日経ビジネスONLINE Special 週刊日経ビジネスオンライン SPECIAL日経ビジネスオンライン

これからの分析システムに求められる要件と業界動向

【講演資料】これからの分析システムに求められる要件と業界動向

これからの分析システムに求められる要件と業界動向
― リアルタイム分析を実現するメインフレームとアクセラレーター ―
日本IBM 齊藤貴之氏

ビジネスにおける分析の位置づけは変化してきた。かつての分析は、もっぱら経営会議用のレポートづくりのために用いられた。その後、分析の適用領域は大きく広がった。とりわけビジネス上でのインパクトが大きいのが、基幹業務の中に分析を埋め込むという活用法である。ただ、そのためには現状のIT環境を見直す必要があり、特に、基幹システムを国産メインフレーム上で稼動させている場合その傾向が強い。では、どのような方向で見直すべきか? ここでは、データ分析を支える3つのソリューションについて考えてみたい。

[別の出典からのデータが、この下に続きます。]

lemma cont_frame_if_ae_independent:
  fixes \<Phi> :: "'a \<Rightarrow> 'f ^ 'n::finite"
  assumes si: "\<And>k. square_integrable M (\<lambda>x. \<Phi> x $ k)"
    and indep: "ae_independent M UNIV (\<lambda>k x. \<Phi> x $ k)"
  shows "cont_frame cj M \<Phi>"
proof -
  define q where "q a = (\<integral>x. (norm (\<Sum>k\<in>UNIV. a $ k * \<Phi> x $ k))\<^sup>2 \<partial>M)" for a :: "'f ^ 'n"
  have "square_integrable M (\<lambda>x. \<Sum>k\<in>UNIV. a $ k * \<Phi> x $ k)" for a :: "'f ^ 'n"
    by (intro square_integrable_sum square_integrable_mult_left si)
  then have int: "integrable M (\<lambda>x. (norm (\<Sum>k\<in>UNIV. a $ k * \<Phi> x $ k))\<^sup>2)" for a :: "'f ^ 'n"
    by (simp add: square_integrable_iff)
  have cont: "continuous_on UNIV q"
    unfolding q_def using continuous_on_integral_norm_combination[OF si] .
  have hom: "q (r *\<^sub>R a) = r\<^sup>2 * q a" for r a
    by (simp add: q_def power_mult_distrib flip: scaleR_sum_right)
  have pos: "0 < q a" if "a \<noteq> 0" for a
  proof (rule ccontr)
    assume "\<not> 0 < q a"
    then have "q a = 0"
      by (simp add: q_def order.antisym)
    then have "AE x in M. (\<Sum>k\<in>UNIV. a $ k * \<Phi> x $ k) = 0"
      using integral_nonneg_eq_0_iff_AE[OF int] by (simp add: q_def)
    with indep have "a = 0"
      by (simp add: ae_independent_def vec_eq_iff)
    with that show False ..
  qed
  obtain A B where AB: "0 < A" "A \<le> B"
    and bounds: "\<And>v. A * (norm v)\<^sup>2 \<le> q v \<and> q v \<le> B * (norm v)\<^sup>2"
    using homogeneous_quadratic_bounds[OF cont hom pos] by blast
  have frame_sum: "(\<integral>\<^sup>+ x. ennreal ((norm (vinner cj v (\<Phi> x)))\<^sup>2) \<partial>M) = ennreal (q (\<chi> k. cj (v $ k)))"
    for v
  proof -
    have "norm (vinner cj v (\<Phi> x)) = norm (\<Sum>k\<in>UNIV. (\<chi> k. cj (v $ k)) $ k * \<Phi> x $ k)" for x
      by (subst norm_cj[symmetric]) (simp add: vinner_def cj_sum cj_mult)
    then show ?thesis
      using nn_integral_eq_integral[OF int[of "\<chi> k. cj (v $ k)"]] by (simp add: q_def)
  qed
  have norm_cj_vec: "norm (\<chi> k. cj (v $ k)) = norm v" for v
    by (simp add: norm_vec_def)
  have "(\<lambda>x. \<Phi> x $ k) \<in> borel_measurable M" for k
    using si by (simp add: square_integrable_iff)
  moreover have "ennreal (A * (norm v)\<^sup>2) \<le> ennreal (q (\<chi> k. cj (v $ k))) \<and>
      ennreal (q (\<chi> k. cj (v $ k))) \<le> ennreal (B * (norm v)\<^sup>2)" for v
    using bounds[of "\<chi> k. cj (v $ k)"] unfolding norm_cj_vec by (auto intro: ennreal_leI)
  ultimately show ?thesis
    unfolding cont_frame_def frame_sum using AB by blast
qed

lemma synthesis_preimage_contains_frame:
  fixes h :: "'a \<Rightarrow> 'f" and d :: "'f ^ 'n::finite"
  assumes h: "square_integrable M h" and nonnull: "\<not> (AE x in M. h x = 0)"
    and dim: "d \<noteq> 0 \<longrightarrow> L2_dim_ge M TYPE('f) CARD('n)"
      "d = 0 \<longrightarrow> L2_dim_ge M TYPE('f) (CARD('n) + 1)"
  shows "\<exists>\<Phi>. cont_frame cj M \<Phi> \<and> synth_op M h \<Phi> = d"
proof -
  obtain f :: "'n \<Rightarrow> 'a \<Rightarrow> 'f" where f: "\<And>k. square_integrable M (f k)"
    and indep: "ae_independent M UNIV f" and pairing: "\<And>k. (\<integral>x. h x * f k x \<partial>M) = d $ k"
    using exists_ae_independent_synthesis[OF h square_integrable_cj[OF h]
        integral_mult_cj_self_nonzero[OF h nonnull] dim] by blast
  define \<Phi> where "\<Phi> x = (\<chi> k. f k x)" for x
  have "cont_frame cj M \<Phi>"
    by (rule cont_frame_if_ae_independent) (simp_all add: \<Phi>_def f indep)
  moreover have "synth_op M h \<Phi> = d"
    by (simp add: synth_op_def \<Phi>_def vec_eq_iff pairing)
  ultimately show ?thesis
    by blast
qed

end

interpretation real_conjugation: conjugation "\<lambda>x::real. x"
  by unfold_locales (simp_all add: power2_eq_square)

データ分析の本格化を視野に、あらためて問われる基幹系と分析系の関係

日本アイ・ビー・エム株式会社 ハイエンド・システム事業部
事業開発 齊藤貴之氏

日本アイ・ビー・エム株式会社
ハイエンド・システム事業部
事業開発
齊藤貴之氏

 ビジネスにおけるデータ分析の位置づけは徐々に変化してきた。データ分析の黎明期、分析結果のレポートは主として経営陣の意思決定をサポートするものとして活用された。それが2000年ごろになると、ネット企業によるビッグデータ分析が盛んになった。では、現在はどうか。日本IBMの齊藤貴之氏はこう説明する。

「今、あらゆる業界において分析は業務プロセスに組み込まれる方向にあります。データ分析をもとにモデルをつくり、それを最適な行動の特定、製品やサービスの改善に結びつけることが可能になったのです。今までと比べると、より直接的にビジネスに貢献できるようになったと言えるでしょう」

 ただし、データ分析に取り組もうとしてさまざまな課題に直面するケースも多い。たとえば、ある部門が分析用の元データを他部門に求めても元データがなかなか届かない。あるいは、分析のための下準備に手間がかかりすぎる。図1に示したように、現状の分析システムはさまざまな課題を抱えている。

「このままデータ分析を本格化させれば、分析のために多数のサイロが乱立するなど、課題がさらに膨らみかねません」と齊藤氏は指摘した上でこう続ける。

「SNSやオープンデータなど、社外で生み出されるデータは膨大です。しかし、それだけを分析しても、自社のビジネス課題の解決にはつながらないでしょう。自社ビジネスの中で生成される基幹データと外部データを掛け合わせて次の打ち手を見いだすことが重要。それを可能にするITのあり方とはどのようなものか。IT部門には、データ分析のビジョンが求められています」

 そこで、あらためて注目されているのが基幹系と分析系の関係だ。これまでは別物として動いていた2つのシステムを融合または連携させ、分析結果を素早く基幹システムにフィードバックする。その繰り返しが新たなビジネス価値を創出する。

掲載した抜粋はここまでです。